───── SUPPLIED MATERIAL ─────
(* For every integer $n\ge0$, with the notation of the context, the matrix $\mathrm{ch}^{(n)}_\Gamma$ satisfies $$\left(\tfrac{1}{(2\pi)^{n/2}}\mathrm{ch}^{(n)}_\Gamma\right)^{-1}\mathbf{e}\!\left[\widetilde Q^{(n)}\right]\left(\tfrac{1}{(2\pi)^{n/2}}\mathrm{ch}^{(n)}_\Gamma\right)=\mathbf{S}^{(n)},$$ $$\left(\tfrac{1}{(2\pi)^{n/2}}\mathrm{ch}^{(n)}_\Gamma\right)^{T}\mathbf{e}\!\left[\tfrac12\widetilde Q^{(n)}\right]\eta^{(n)}\left(\tfrac{1}{(2\pi)^{n/2}}\mathrm{ch}^{(n)}_\Gamma\right)=\chi^{(n)},$$ where $\mathbf{S}^{(n)}:=(\chi^{(n)})^{-1}(\chi^{(n)})^T$.
   Context: Fix integers $a_1,a_2,\ldots\ge2$; $d_0=1$, $d_i=a_1\cdots a_i$; $\widetilde\mu_n=\sum_{i=0}^n(-1)^{n-i}d_i$; $\mathbf{e}[\alpha]=\exp(2\pi\sqrt{-1}\alpha)$, applied entrywise to diagonal matrices. Index sets: $I_0=\{1\}$; $I'_n=\{\kappa\in\{1,\dots,d_n\}\mid a_n\nmid\kappa\}$ ($n\ge1$); $I_1=I'_1$; $I_n=I'_n\sqcup I_{n-2}$ (formal disjoint union, $|I_n|=\widetilde\mu_n$) for $n\ge2$; matrices indexed by $I_n$ are written in block form with respect to $I'_n$ then $I_{n-2}$ (recursively). For $\kappa\in I'_n$, $\omega^{(n)}_{\kappa,i}:=(-1)^{i-1}\frac{d_{i-1}}{d_n}\kappa-\lfloor(-1)^{i-1}\frac{d_{i-1}}{d_n}\kappa\rfloor$. $\eta^{(n)}$ ($I_n\times I_n$): $\eta^{(0)}=(1)$, $\eta^{(1)}=(\frac{1}{a_1}\delta_{\kappa+\lambda,a_1})$, and for $n\ge2$, $\eta^{(n)}=\mathrm{diag}\big((\frac{1}{d_n}\delta_{\kappa+\lambda,d_n})_{\kappa,\lambda\in I'_n},\,-\frac{1}{a_n}\eta^{(n-2)}\big)$. $\widetilde Q^{(n)}$ (diagonal, $I_n\times I_n$): $\widetilde Q^{(0)}=(0)$; $\widetilde Q^{(1)}=\mathrm{diag}(\omega^{(1)}_{\kappa,1}-\frac12)_{\kappa\in I_1}$; for $n\ge2$, $\widetilde Q^{(n)}=\mathrm{diag}\big(\mathrm{diag}(\sum_{l=1}^n(\omega^{(n)}_{\kappa,l}-\frac12))_{\kappa\in I'_n},\,\widetilde Q^{(n-2)}\big)$. For $\kappa\in I'_n$: if $n=2m-1$, $c^{(n)}_\kappa=\prod_{l=1}^n\Gamma(1-\omega^{(n)}_{\kappa,l})\prod_{i=1}^m(1-\mathbf{e}[\omega^{(n)}_{\kappa,2i-1}])$; if $n=2m$, $c^{(n)}_\kappa=\prod_{l=1}^n\Gamma(1-\omega^{(n)}_{\kappa,l})\prod_{i=1}^m(1-\mathbf{e}[\omega^{(n)}_{\kappa,2i}])$. For $j\in\mathbb{Z}$, vectors $\mathrm{ch}^{(n)}_{\Gamma,j}\in\mathbb{C}^{I_n}$: $\mathrm{ch}^{(0)}_{\Gamma,j}=(1)$; $(\mathrm{ch}^{(1)}_{\Gamma,j})_\kappa=c^{(1)}_\kappa\mathbf{e}[\omega^{(1)}_{\kappa,1}(j-1)]$; for $n\ge2$, $(\mathrm{ch}^{(n)}_{\Gamma,j})_\kappa=c^{(n)}_\kappa\mathbf{e}[(-1)^{n-1}\omega^{(n)}_{\kappa,1}(j-1)]$ if $\kappa\in I'_n$ and $=2\pi\sqrt{-1}\,(\mathrm{ch}^{(n-2)}_{\Gamma,j})_\kappa$ if $\kappa\in I_{n-2}$. The $\widetilde\mu_n\times\widetilde\mu_n$ matrix $\mathrm{ch}^{(n)}_\Gamma:=(\mathrm{ch}^{(n)}_{\Gamma,1},\dots,\mathrm{ch}^{(n)}_{\Gamma,\widetilde\mu_n})$ (rows indexed by $I_n$, columns by $j=1,\dots,\widetilde\mu_n$). $\chi^{(n)}$ ($\widetilde\mu_n\times\widetilde\mu_n$): $\chi^{(n)}=1/\varphi_n(N)$ where $N=(\delta_{i+1,j})$ is the nilpotent shift matrix, $\varphi_n(t)=\prod_{i=0}^n(1-t^{d_i})^{(-1)^{n-i}}$ for $n\ge1$, $\varphi_0(t)=1-t$ (i.e. expand $1/\varphi_n(t)$ as a power series in $t$ and substitute $N$). $\chi^{(n)}$ is the Euler form matrix of a full exceptional collection in the category of $L_{f_n}$-graded matrix factorizations of $f_n=z_1^{a_1}z_2+\cdots+z_n^{a_n}$, and $\mathbf{S}^{(n)}$ is the matrix of the Serre functor on its Grothendieck group. *)

theory Defs
  imports "HOL-Analysis.Analysis" "HOL-Computational_Algebra.Formal_Power_Series"
    "Jordan_Normal_Form.Matrix"
begin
─────
> _EXERCISE_:
The records above are to be given again in full, exactly as written.

> _WRITTEN REPLY_:
(* For every integer $n\ge0$, with the notation of the context, the matrix $\mathrm{ch}^{(n)}_\Gamma$ satisfies $$\left(\tfrac{1}{(2\pi)^{n/2}}\mathrm{ch}^{(n)}_\Gamma\right)^{-1}\mathbf{e}\!\left[\widetilde Q^{(n)}\right]\left(\tfrac{1}{(2\pi)^{n/2}}\mathrm{ch}^{(n)}_\Gamma\right)=\mathbf{S}^{(n)},$$ $$\left(\tfrac{1}{(2\pi)^{n/2}}\mathrm{ch}^{(n)}_\Gamma\right)^{T}\mathbf{e}\!\left[\tfrac12\widetilde Q^{(n)}\right]\eta^{(n)}\left(\tfrac{1}{(2\pi)^{n/2}}\mathrm{ch}^{(n)}_\Gamma\right)=\chi^{(n)},$$ where $\mathbf{S}^{(n)}:=(\chi^{(n)})^{-1}(\chi^{(n)})^T$.
   Context: Fix integers $a_1,a_2,\ldots\ge2$; $d_0=1$, $d_i=a_1\cdots a_i$; $\widetilde\mu_n=\sum_{i=0}^n(-1)^{n-i}d_i$; $\mathbf{e}[\alpha]=\exp(2\pi\sqrt{-1}\alpha)$, applied entrywise to diagonal matrices. Index sets: $I_0=\{1\}$; $I'_n=\{\kappa\in\{1,\dots,d_n\}\mid a_n\nmid\kappa\}$ ($n\ge1$); $I_1=I'_1$; $I_n=I'_n\sqcup I_{n-2}$ (formal disjoint union, $|I_n|=\widetilde\mu_n$) for $n\ge2$; matrices indexed by $I_n$ are written in block form with respect to $I'_n$ then $I_{n-2}$ (recursively). For $\kappa\in I'_n$, $\omega^{(n)}_{\kappa,i}:=(-1)^{i-1}\frac{d_{i-1}}{d_n}\kappa-\lfloor(-1)^{i-1}\frac{d_{i-1}}{d_n}\kappa\rfloor$. $\eta^{(n)}$ ($I_n\times I_n$): $\eta^{(0)}=(1)$, $\eta^{(1)}=(\frac{1}{a_1}\delta_{\kappa+\lambda,a_1})$, and for $n\ge2$, $\eta^{(n)}=\mathrm{diag}\big((\frac{1}{d_n}\delta_{\kappa+\lambda,d_n})_{\kappa,\lambda\in I'_n},\,-\frac{1}{a_n}\eta^{(n-2)}\big)$. $\widetilde Q^{(n)}$ (diagonal, $I_n\times I_n$): $\widetilde Q^{(0)}=(0)$; $\widetilde Q^{(1)}=\mathrm{diag}(\omega^{(1)}_{\kappa,1}-\frac12)_{\kappa\in I_1}$; for $n\ge2$, $\widetilde Q^{(n)}=\mathrm{diag}\big(\mathrm{diag}(\sum_{l=1}^n(\omega^{(n)}_{\kappa,l}-\frac12))_{\kappa\in I'_n},\,\widetilde Q^{(n-2)}\big)$. For $\kappa\in I'_n$: if $n=2m-1$, $c^{(n)}_\kappa=\prod_{l=1}^n\Gamma(1-\omega^{(n)}_{\kappa,l})\prod_{i=1}^m(1-\mathbf{e}[\omega^{(n)}_{\kappa,2i-1}])$; if $n=2m$, $c^{(n)}_\kappa=\prod_{l=1}^n\Gamma(1-\omega^{(n)}_{\kappa,l})\prod_{i=1}^m(1-\mathbf{e}[\omega^{(n)}_{\kappa,2i}])$. For $j\in\mathbb{Z}$, vectors $\mathrm{ch}^{(n)}_{\Gamma,j}\in\mathbb{C}^{I_n}$: $\mathrm{ch}^{(0)}_{\Gamma,j}=(1)$; $(\mathrm{ch}^{(1)}_{\Gamma,j})_\kappa=c^{(1)}_\kappa\mathbf{e}[\omega^{(1)}_{\kappa,1}(j-1)]$; for $n\ge2$, $(\mathrm{ch}^{(n)}_{\Gamma,j})_\kappa=c^{(n)}_\kappa\mathbf{e}[(-1)^{n-1}\omega^{(n)}_{\kappa,1}(j-1)]$ if $\kappa\in I'_n$ and $=2\pi\sqrt{-1}\,(\mathrm{ch}^{(n-2)}_{\Gamma,j})_\kappa$ if $\kappa\in I_{n-2}$. The $\widetilde\mu_n\times\widetilde\mu_n$ matrix $\mathrm{ch}^{(n)}_\Gamma:=(\mathrm{ch}^{(n)}_{\Gamma,1},\dots,\mathrm{ch}^{(n)}_{\Gamma,\widetilde\mu_n})$ (rows indexed by $I_n$, columns by $j=1,\dots,\widetilde\mu_n$). $\chi^{(n)}$ ($\widetilde\mu_n\times\widetilde\mu_n$): $\chi^{(n)}=1/\varphi_n(N)$ where $N=(\delta_{i+1,j})$ is the nilpotent shift matrix, $\varphi_n(t)=\prod_{i=0}^n(1-t^{d_i})^{(-1)^{n-i}}$ for $n\ge1$, $\varphi_0(t)=1-t$ (i.e. expand $1/\varphi_n(t)$ as a power series in $t$ and substitute $N$). $\chi^{(n)}$ is the Euler form matrix of a full exceptional collection in the category of $L_{f_n}$-graded matrix factorizations of $f_n=z_1^{a_1}z_2+\cdots+z_n^{a_n}$, and $\mathbf{S}^{(n)}$ is the matrix of the Serre functor on its Grothendieck group. *)

theory Defs
  imports "HOL-Analysis.Analysis" "HOL-Computational_Algebra.Formal_Power_Series"
    "Jordan_Normal_Form.Matrix"
begin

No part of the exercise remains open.